Lima bulan setelah kami berpacaran, kami pun memutuskan untuk tinggal bersama dirumah sederhana ku. Rumah yang tak semengah istana tapi akan mampu melindunginya. Aku juga memintanya berhenti dari pekerjaannya dan melanjutkan kuliahnya lagi. Dia masih mudah dan sayang rasanya kalau dia hanya bekerja sebagai penjaga toko kosmetik, padahal dia sangat pintar. Hidupku rasanya lengkap dengan hadirnya dirinya. Setiap bangun pagi selalu ada yang menyediakan sarapan dan setiap malam selalu ada yang bisa kupeluk.
“kuliahku sangat melelahkan, apa sebaiknya kita cari saja pembantu? Rasanya aku tak kan sanggup merapikan rumah lagi.” Katanya disuatu sore saat kami sedang duduk menikmati senja. “Tak perlu pembantu sayang, aku tak begitu suka ada orang lain berada dirumah kita. Biar aku saja yang mengerjakannya. Toh rumah kita tak begitu besar dan tak kan membutuhkan waktu yang banyak untuk merapikannya.” Dia langsung mengecup pipi ku.

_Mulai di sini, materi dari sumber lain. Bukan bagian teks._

text \<open>Positions p of u and p' of v that the duplicator can defend for k rounds of the
  two-pebble game in which the pebble not on p moves: moves within distance 3 are answered at
  the same offset, moves further out are answered further out on the same side.\<close>

fun ef_equiv :: "nat \<Rightarrow> word \<Rightarrow> nat \<Rightarrow> word \<Rightarrow> nat \<Rightarrow> bool" where
  "ef_equiv 0 u p v p' = nbhd_agree u p v p'"
| "ef_equiv (Suc k) u p v p' = (nbhd_agree u p v p' \<and>
    (\<forall>d\<le>3. p + d < length u \<longrightarrow> ef_equiv k u (p+d) v (p'+d)) \<and>
    (\<forall>d\<le>3. d \<le> p \<longrightarrow> ef_equiv k u (p-d) v (p'-d)) \<and>
    (\<forall>q<length u. q + 3 < p \<longrightarrow> (\<exists>q'<length v. q' + 3 < p' \<and> ef_equiv k u q v q')) \<and>
    (\<forall>q'<length v. q' + 3 < p' \<longrightarrow> (\<exists>q<length u. q + 3 < p \<and> ef_equiv k u q v q')) \<and>
    (\<forall>q<length u. p + 3 < q \<longrightarrow> (\<exists>q'<length v. p' + 3 < q' \<and> ef_equiv k u q v q')) \<and>
    (\<forall>q'<length v. p' + 3 < q' \<longrightarrow> (\<exists>q<length u. p + 3 < q \<and> ef_equiv k u q v q')))"

declare ef_equiv.simps(2) [simp del]

definition same_order3 :: "nat \<Rightarrow> nat \<Rightarrow> nat \<Rightarrow> nat \<Rightarrow> bool" where
  "same_order3 a b a' b' \<longleftrightarrow> (a < b \<longleftrightarrow> a' < b') \<and>
     (\<forall>d\<le>3. (b = a + d \<longleftrightarrow> b' = a' + d) \<and> (a = b + d \<longleftrightarrow> a' = b' + d))"

text \<open>In a word in which every factor of length 3 contains both letters, a Between
  predicate whose endpoints are more than 3 apart is true, so it carries no information.\<close>

definition dense_letters :: "word \<Rightarrow> bool" where
  "dense_letters w \<longleftrightarrow> (\<forall>i c. i + 2 < length w \<longrightarrow> (\<exists>j. i \<le> j \<and> j \<le> i + 2 \<and> w!j = c))"

lemma ef_equiv_nbhd_agree: "ef_equiv k u p v p' \<Longrightarrow> nbhd_agree u p v p'"
  by (cases k) (simp_all add: ef_equiv.simps(2))

lemma nbhd_agree_sym: "nbhd_agree u p v p' \<Longrightarrow> nbhd_agree v p' u p"
  unfolding nbhd_agree_def by auto

lemma nbhd_agree_length: "nbhd_agree u p v p' \<Longrightarrow> p < length u \<longleftrightarrow> p' < length v"
  unfolding nbhd_agree_def by (metis add_0_right le0)

lemma ef_equiv_sym: "ef_equiv k u p v p' \<Longrightarrow> ef_equiv k v p' u p"
proof (induction k arbitrary: p p')
  case 0
  then show ?case by (simp add: nbhd_agree_sym)
next
  case (Suc k)
  have l: "nbhd_agree u p v p'"
    and near_right: "\<forall>d\<le>3. p + d < length u \<longrightarrow> ef_equiv k u (p+d) v (p'+d)"
    and near_left: "\<forall>d\<le>3. d \<le> p \<longrightarrow> ef_equiv k u (p-d) v (p'-d)"
    and far_left: "\<forall>q<length u. q + 3 < p \<longrightarrow> (\<exists>q'<length v. q' + 3 < p' \<and> ef_equiv k u q v q')"
      "\<forall>q'<length v. q' + 3 < p' \<longrightarrow> (\<exists>q<length u. q + 3 < p \<and> ef_equiv k u q v q')"
    and far_right: "\<forall>q<length u. p + 3 < q \<longrightarrow> (\<exists>q'<length v. p' + 3 < q' \<and> ef_equiv k u q v q')"
      "\<forall>q'<length v. p' + 3 < q' \<longrightarrow> (\<exists>q<length u. p + 3 < q \<and> ef_equiv k u q v q')"
    using Suc.prems unfolding ef_equiv.simps(2) by blast+
  have len: "\<forall>d\<le>3. p + d < length u \<longleftrightarrow> p' + d < length v" "\<forall>d\<le>3. d \<le> p \<longleftrightarrow> d \<le> p'"
    using l unfolding nbhd_agree_def by auto
  show ?case unfolding ef_equiv.simps(2)
  proof (intro conjI allI impI)
    show "nbhd_agree v p' u p" using l by (rule nbhd_agree_sym)
  next
    fix d :: nat assume "d \<le> 3" "p' + d < length v"
    then show "ef_equiv k v (p'+d) u (p+d)" using len(1) near_right Suc.IH by blast
  next
    fix d :: nat assume "d \<le> 3" "d \<le> p'"
    then show "ef_equiv k v (p'-d) u (p-d)" using len(2) near_left Suc.IH by blast
  next
    fix q assume "q < length v" "q + 3 < p'"
    then show "\<exists>q'<length u. q' + 3 < p \<and> ef_equiv k v q u q'" using far_left(2) Suc.IH by blast
  next
    fix q assume "q < length u" "q + 3 < p"
    then show "\<exists>q'<length v. q' + 3 < p' \<and> ef_equiv k v q' u q" using far_left(1) Suc.IH by blast
  next
    fix q assume "q < length v" "p' + 3 < q"
    then show "\<exists>q'<length u. p + 3 < q' \<and> ef_equiv k v q u q'" using far_right(2) Suc.IH by blast
  next
    fix q assume "q < length u" "p + 3 < q"
    then show "\<exists>q'<length v. p' + 3 < q' \<and> ef_equiv k v q' u q" using far_right(1) Suc.IH by blast
  qed
qed

lemma ef_equiv_Suc_imp: "ef_equiv (Suc k) u p v p' \<Longrightarrow> p < length u \<Longrightarrow> ef_equiv k u p v p'"
  unfolding ef_equiv.simps(2) by (auto dest: spec[of _ 0])

lemma same_order3_swap: "same_order3 a b a' b' \<Longrightarrow> same_order3 b a b' a'"
  unfolding same_order3_def by (auto simp: not_less)

lemma same_order3_sym: "same_order3 a b a' b' \<Longrightarrow> same_order3 a' b' a b"
  unfolding same_order3_def by auto

lemma same_order3_refl: "same_order3 a a a' a'"
  unfolding same_order3_def by auto

lemma same_order3_apart: "a + 3 < b \<Longrightarrow> a' + 3 < b' \<Longrightarrow> same_order3 a b a' b'"
  unfolding same_order3_def by auto

lemma same_order3_far:
  assumes "same_order3 p q p' q'" "p + 3 < q"
  shows "p' + 3 < q'"
proof (rule ccontr)
  assume "\<not> p' + 3 < q'"
  moreover have "p' < q'" using assms unfolding same_order3_def by auto
  ultimately have "q' = p' + (q' - p')" "q' - p' \<le> 3" by auto
  then have "q = p + (q' - p')" using assms(1) unfolding same_order3_def by blast
  then show False using assms(2) \<open>q' - p' \<le> 3\<close> by linarith
qed

lemma dense_letters_between:
  assumes "dense_letters w" "p + 3 < q" "q \<le> length w"
  shows "\<exists>z. p < z \<and> z < q \<and> z < length w \<and> w!z = c"
proof -
  have "p + 1 + 2 < length w" using assms by linarith
  then obtain j where "p+1 \<le> j" "j \<le> p+1+2" "w!j = c"
    using assms(1) unfolding dense_letters_def by blast
  then show ?thesis using assms by (intro exI[of _ j]) auto
qed

lemma ex_between_shift:
  "(\<exists>z. (p::nat) < z \<and> z < p + d \<and> P z) \<longleftrightarrow> (\<exists>j. 0 < j \<and> j < d \<and> P (p + j))"
  by (metis add_diff_inverse_nat add_less_cancel_left less_add_same_cancel1 not_less_iff_gr_or_eq)

lemma between_letter_iff:
  assumes l: "nbhd_agree u p v p'" and r: "same_order3 p q p' q'"
    and dense: "dense_letters u" "dense_letters v" and q: "q < length u" "q' < length v"
  shows "(\<exists>z. p < z \<and> z < q \<and> z < length u \<and> u!z = c) \<longleftrightarrow>
         (\<exists>z. p' < z \<and> z < q' \<and> z < length v \<and> v!z = c)"
proof -
  consider "q \<le> p" | "p + 3 < q" | d where "q = p + d" "0 < d" "d \<le> 3"
    by (cases "q \<le> p \<or> p + 3 < q") (auto intro: that(3)[of "q - p"])
  then show ?thesis
  proof cases
    case 1
    then have "q' \<le> p'" using r unfolding same_order3_def by auto
    with 1 show ?thesis by auto
  next
    case 2
    then show ?thesis
      using dense_letters_between[OF dense(1) 2] dense_letters_between[OF dense(2)]
        same_order3_far[OF r 2] q by auto
  next
    case (3 d)
    then have q': "q' = p' + d" using r unfolding same_order3_def by auto
    have agree: "(p+j < length u \<longleftrightarrow> p'+j < length v) \<and> (p+j < length u \<longrightarrow> u!(p+j) = v!(p'+j))"
      if "j < d" for j
      using l that 3 unfolding nbhd_agree_def by auto
    have "(\<exists>z. p < z \<and> z < q \<and> z < length u \<and> u!z = c) \<longleftrightarrow>
          (\<exists>j. 0 < j \<and> j < d \<and> p+j < length u \<and> u!(p+j) = c)"
      using 3 ex_between_shift[of p d "\<lambda>z. z < length u \<and> u!z = c"] by simp
    also have "\<dots> \<longleftrightarrow> (\<exists>j. 0 < j \<and> j < d \<and> p'+j < length v \<and> v!(p'+j) = c)"
      using agree by metis
    also have "\<dots> \<longleftrightarrow> (\<exists>z. p' < z \<and> z < q' \<and> z < length v \<and> v!z = c)"
      using q' ex_between_shift[of p' d "\<lambda>z. z < length v \<and> v!z = c"] by simp
    finally show ?thesis .
  qed
qed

“sayang baik banget. Nanti malam kita nonton yuk, udah lama enggak nonton” aku langsung mengiyakan ajakannya. Bahagia rasanya melihat dia tersenyum senang.
Suatu malamketika aku baru pulang kerja kulihat wajah cemberutnya. Aku memang telat pulang karena tadi banyak pekerjaan dikantor. “maaf sayang, tadi banyak banget kerjaan dikantor.” Dia masih cemberut “padahal udah kumasakin sup ayam kesukaanmu, jadi dingin deh.”
“biar aku panaskan ya sayang, aku juga belum makan. Maaf ya sayang” dia akhirnya tak cemberut lagi ketika aku memakan sup ayamnya dengan lahap. Sebenarnya tadi dikantor aku sudah makan, tapi aku tak ingin dia kecewa. Jadi aku memakannya meski perutku sudah kenyang. “Yang, aku benci banget deh sama Nila dan Yolanda. Masak mereka mamer – mamerin tas baru mereka, katanya aku tak akan sanggup beli karena aku Cuma anak miskin. Katanya sich tas nya Gucci asli, tapi mungkin aja itu cuma barang tiruan. Mereka juga mengejek handphone ku karena katanya udah ketinggalan zaman.” Dia bercerita panjang lebar ketika aku sedang menyendokan sup kedalam mulut ku. “jangan berteman sama mereka lagi sayang.”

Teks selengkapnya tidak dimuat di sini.